Data extracted from a collection:
(* Let $n\ge 10^4$ be a multiple of $3$, let $\alpha(n)=e^{120(\log n)^{1/2}}$, $L=n^{1/2}$ and $K=n^{1/2}/12$, and fix integers $i,j\in[-(\log n)^{1/2}/2,(\log n)^{1/2}/2]$. For $D\subset[n]$ let $r_D=|D\cap[n/3]|-n/6$ and $s_D=|D\cap[n/3+1,n]|-n/3$, and let \[ [n]_{i,j}=\{D\subset[n]: |r_D-2iL|\le L\text{ and }|s_D-2jL|\le L\}. \] Choose independently: a uniformly random set $U\subset[n/3]$ of size $K$; a random set $S_1\subset[n/3]\setminus U$ containing each element independently with probability $p_{1,i}=1/2+6i/n^{1/2}$; a uniformly random set $V\subset[n/3+1,n]$ of size $2K$; a random set $S_2\subset[n/3+1,n]\setminus V$ containing each element independently with probability $p_{2,j}=1/2+3j/n^{1/2}$; a uniformly random ordering $(u_1,\ldots,u_K)$ of $U$ and a uniformly random ordering $(v_1,\ldots,v_{2K})$ of $V$. For $k\in[0,K]$ let $U_k=\{u_1,\ldots,u_k\}$, $V_k=\{v_{2K-2k+1},\ldots,v_{2K}\}$ and $C_k=U_k\cup S_1\cup V_k\cup S_2$. Then for every $B\in[n]_{i,j}$ and every $k\in[0,K]$, \[ \mathbb{P}(C_k=B)\ge\frac{1}{8\,\alpha(n)\,|[n]_{i,j}|}. \]
   Context: $[n]=\{1,\ldots,n\}$ and $[a,b]=\{a,\ldots,b\}$; $\log$ is the natural logarithm. Floors and ceilings are omitted where not crucial (quantities such as $K$, $L$, $n/6$ are treated as integers). *)

theory Defs
  imports "HOL-Probability.Probability" "HOL-Combinatorics.Multiset_Permutations"
begin

definition alpha :: "nat \<Rightarrow> real" where
  "alpha n = exp (120 * sqrt (ln (real n)))"

definition Lpar :: "nat \<Rightarrow> real" where
  "Lpar n = sqrt (real n)"

definition Kpar :: "nat \<Rightarrow> nat" where
  "Kpar n = nat \<lfloor>sqrt (real n) / 12\<rfloor>"

definition rD :: "nat \<Rightarrow> nat set \<Rightarrow> real" where
  "rD n D = real (card (D \<inter> {1..n div 3})) - real n / 6"

definition sD :: "nat \<Rightarrow> nat set \<Rightarrow> real" where
  "sD n D = real (card (D \<inter> {n div 3 + 1..n})) - real n / 3"

definition box :: "nat \<Rightarrow> int \<Rightarrow> int \<Rightarrow> nat set set" where
  "box n i j = {D. D \<subseteq> {1..n} \<and>
      \<bar>rD n D - 2 * real_of_int i * Lpar n\<bar> \<le> Lpar n \<and>
      \<bar>sD n D - 2 * real_of_int j * Lpar n\<bar> \<le> Lpar n}"

definition random_subset :: "'a set \<Rightarrow> real \<Rightarrow> 'a set pmf" where
  "random_subset A p = map_pmf (\<lambda>f. {x \<in> A. f x}) (Pi_pmf A False (\<lambda>_. bernoulli_pmf p))"

definition p1 :: "nat \<Rightarrow> int \<Rightarrow> real" where
  "p1 n i = 1/2 + 6 * real_of_int i / sqrt (real n)"

definition p2 :: "nat \<Rightarrow> int \<Rightarrow> real" where
  "p2 n j = 1/2 + 3 * real_of_int j / sqrt (real n)"

definition C_pmf :: "nat \<Rightarrow> int \<Rightarrow> int \<Rightarrow> nat \<Rightarrow> nat set pmf" where
  "C_pmf n i j k =
    do {
      U \<leftarrow> pmf_of_set {U. U \<subseteq> {1..n div 3} \<and> card U = Kpar n};
      S1 \<leftarrow> random_subset ({1..n div 3} - U) (p1 n i);
      V \<leftarrow> pmf_of_set {V. V \<subseteq> {n div 3 + 1..n} \<and> card V = 2 * Kpar n};
      S2 \<leftarrow> random_subset ({n div 3 + 1..n} - V) (p2 n j);
      us \<leftarrow> pmf_of_set (permutations_of_set U);
      vs \<leftarrow> pmf_of_set (permutations_of_set V);
      return_pmf (set (take k us) \<union> S1 \<union> set (drop (2 * Kpar n - 2 * k) vs) \<union> S2)
    }"

end

theory Submission
  imports Defs
begin

text \<open>Conditioning on the events that U meets B in exactly k points, that these come first
  in the ordering of U, and that S_1 = (B \<inter> [n/3]) - U (and symmetrically for V and S_2)
  bounds P(C_k = B) below by a product of two explicit weights. Comparing binomial
  coefficients with powers, each weight is at least exp(-O(sqrt (log n))) times the point
  mass p^b (1 - p)^(m - b) of the corresponding part of B under independent p-coins. By
  Hoeffding's inequality the sizes allowed in [n]_{i,j} carry at least half of the binomial
  mass, and all point masses in this window agree up to a factor exp(O(sqrt (log n))); so each
  point mass is at least exp(-O(sqrt (log n))) divided by the number of subsets in its window,
  and the two windows together form at most |[n]_{i,j}| sets.\<close>

section \<open>Lower bounds for the sampling procedure\<close>

lemma pmf_bind_ge: "pmf M y * pmf (f y) x \<le> pmf (M \<bind> f) x"
proof -
  have "ennreal (pmf M y * pmf (f y) x) = (\<integral>\<^sup>+z. ennreal (pmf (f z) x) * indicator {y} z \<partial>measure_pmf M)"
    by (simp add: nn_integral_cmult_indicator ennreal_mult' emeasure_pmf_single mult.commute)
  also have "\<dots> \<le> (\<integral>\<^sup>+z. ennreal (pmf (f z) x) \<partial>measure_pmf M)"
    by (intro nn_integral_mono) (auto simp: indicator_def)
  also have "\<dots> = ennreal (pmf (M \<bind> f) x)"
    by (simp add: ennreal_pmf_bind)
  finally show ?thesis
    by simp
qed

lemma pmf_bind_pmf_of_set_ge:
  assumes "finite S" "G \<subseteq> S" "\<And>y. y \<in> G \<Longrightarrow> c \<le> pmf (f y) x" "0 \<le> c"
  shows "real (card G) * c / real (card S) \<le> pmf (pmf_of_set S \<bind> f) x"
proof (cases "S = {}")
  case False
  have "real (card G) * c \<le> (\<Sum>y\<in>G. pmf (f y) x)"
    using assms(3) by (simp add: sum_bounded_below)
  also have "\<dots> \<le> (\<Sum>y\<in>S. pmf (f y) x)"
    using assms by (intro sum_mono2) auto
  finally show ?thesis
    using assms False by (simp add: pmf_bind_pmf_of_set divide_right_mono)
qed simp

lemma pmf_bind_pmf_of_set_bind_ge:
  assumes "finite S" "G \<subseteq> S" "\<And>y. y \<in> G \<Longrightarrow> c \<le> pmf (M y) (g y)"
    "\<And>y. y \<in> G \<Longrightarrow> d \<le> pmf (f y (g y)) x" "0 \<le> c" "0 \<le> d"
  shows "real (card G) * (c * d) / real (card S) \<le> pmf (pmf_of_set S \<bind> (\<lambda>y. M y \<bind> f y)) x"
proof (rule pmf_bind_pmf_of_set_ge)
  fix y assume "y \<in> G"
  then have "c * d \<le> pmf (M y) (g y) * pmf (f y (g y)) x"
    using assms by (intro mult_mono) auto
  also have "\<dots> \<le> pmf (M y \<bind> f y) x"
    by (rule pmf_bind_ge)
  finally show "c * d \<le> pmf (M y \<bind> f y) x" .
qed (use assms in auto)

lemma pmf_random_subset_ge:
  assumes "finite A" "T \<subseteq> A" "0 \<le> p" "p \<le> 1"
  shows "p ^ card T * (1 - p) ^ card (A - T) \<le> pmf (random_subset A p) T"
proof -
  let ?P = "Pi_pmf A False (\<lambda>_. bernoulli_pmf p)"
  have "pmf ?P (\<lambda>x. x \<in> T) = (\<Prod>x\<in>A. pmf (bernoulli_pmf p) (x \<in> T))"
    using assms by (intro pmf_Pi') auto
  also have "\<dots> = (\<Prod>x\<in>T. pmf (bernoulli_pmf p) (x \<in> T)) * (\<Prod>x\<in>A - T. pmf (bernoulli_pmf p) (x \<in> T))"
    using assms by (metis Diff_partition finite_Diff finite_subset prod.union_disjoint Diff_disjoint)
  also have "\<dots> = p ^ card T * (1 - p) ^ card (A - T)"
    using assms by simp
  finally have eq: "pmf ?P (\<lambda>x. x \<in> T) = p ^ card T * (1 - p) ^ card (A - T)" .
  have "pmf ?P (\<lambda>x. x \<in> T) \<le> measure ?P ((\<lambda>f. {x \<in> A. f x}) -` {T})"
    unfolding measure_pmf_single[symmetric] using assms
    by (intro measure_pmf.finite_measure_mono) auto
  also have "\<dots> = pmf (random_subset A p) T"
    by (simp add: random_subset_def pmf_map)
  finally show ?thesis
    using eq by simp
qed

lemma pmf_random_subset_diff_ge:
  assumes "finite A" "T \<subseteq> A" "U \<subseteq> A" "card U = c" "card (U \<inter> T) = k" "0 \<le> p" "p \<le> 1"
  shows "p ^ (card T - k) * (1 - p) ^ (card (A - T) - (c - k)) \<le> pmf (random_subset (A - U) p) (T - U)"
proof -
  have finU: "finite U"
    using assms finite_subset by blast
  have "card (T - U) = card T - k"
    using assms finite_subset[OF assms(2)] by (simp add: card_Diff_subset_Int Int_commute)
  moreover have "card ((A - U) - (T - U)) = card (A - T) - (c - k)"
  proof -
    have "(A - U) - (T - U) = (A - T) - (U - T)" and "U - T \<subseteq> A - T"
      using assms by auto
    moreover have "card (U - T) = c - k"
      using assms finU by (simp add: card_Diff_subset_Int)
    ultimately show ?thesis
      using assms by (simp add: card_Diff_subset finite_subset)
  qed
  ultimately show ?thesis
    using pmf_random_subset_ge[of "A - U" "T - U" p] assms by auto
qed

### Problem to work on
Starting with the line with "x) = (\<integral>\<^sup>+z." above and going on through the line with "using assms by (intro mult_mono) auto", transcribe every line exactly, both ends included, and add nothing.

### Expected output
  have "ennreal (pmf M y * pmf (f y) x) = (\<integral>\<^sup>+z. ennreal (pmf (f z) x) * indicator {y} z \<partial>measure_pmf M)"
    by (simp add: nn_integral_cmult_indicator ennreal_mult' emeasure_pmf_single mult.commute)
  also have "\<dots> \<le> (\<integral>\<^sup>+z. ennreal (pmf (f z) x) \<partial>measure_pmf M)"
    by (intro nn_integral_mono) (auto simp: indicator_def)
  also have "\<dots> = ennreal (pmf (M \<bind> f) x)"
    by (simp add: ennreal_pmf_bind)
  finally show ?thesis
    by simp
qed

lemma pmf_bind_pmf_of_set_ge:
  assumes "finite S" "G \<subseteq> S" "\<And>y. y \<in> G \<Longrightarrow> c \<le> pmf (f y) x" "0 \<le> c"
  shows "real (card G) * c / real (card S) \<le> pmf (pmf_of_set S \<bind> f) x"
proof (cases "S = {}")
  case False
  have "real (card G) * c \<le> (\<Sum>y\<in>G. pmf (f y) x)"
    using assms(3) by (simp add: sum_bounded_below)
  also have "\<dots> \<le> (\<Sum>y\<in>S. pmf (f y) x)"
    using assms by (intro sum_mono2) auto
  finally show ?thesis
    using assms False by (simp add: pmf_bind_pmf_of_set divide_right_mono)
qed simp

lemma pmf_bind_pmf_of_set_bind_ge:
  assumes "finite S" "G \<subseteq> S" "\<And>y. y \<in> G \<Longrightarrow> c \<le> pmf (M y) (g y)"
    "\<And>y. y \<in> G \<Longrightarrow> d \<le> pmf (f y (g y)) x" "0 \<le> c" "0 \<le> d"
  shows "real (card G) * (c * d) / real (card S) \<le> pmf (pmf_of_set S \<bind> (\<lambda>y. M y \<bind> f y)) x"
proof (rule pmf_bind_pmf_of_set_ge)
  fix y assume "y \<in> G"
  then have "c * d \<le> pmf (M y) (g y) * pmf (f y (g y)) x"
    using assms by (intro mult_mono) auto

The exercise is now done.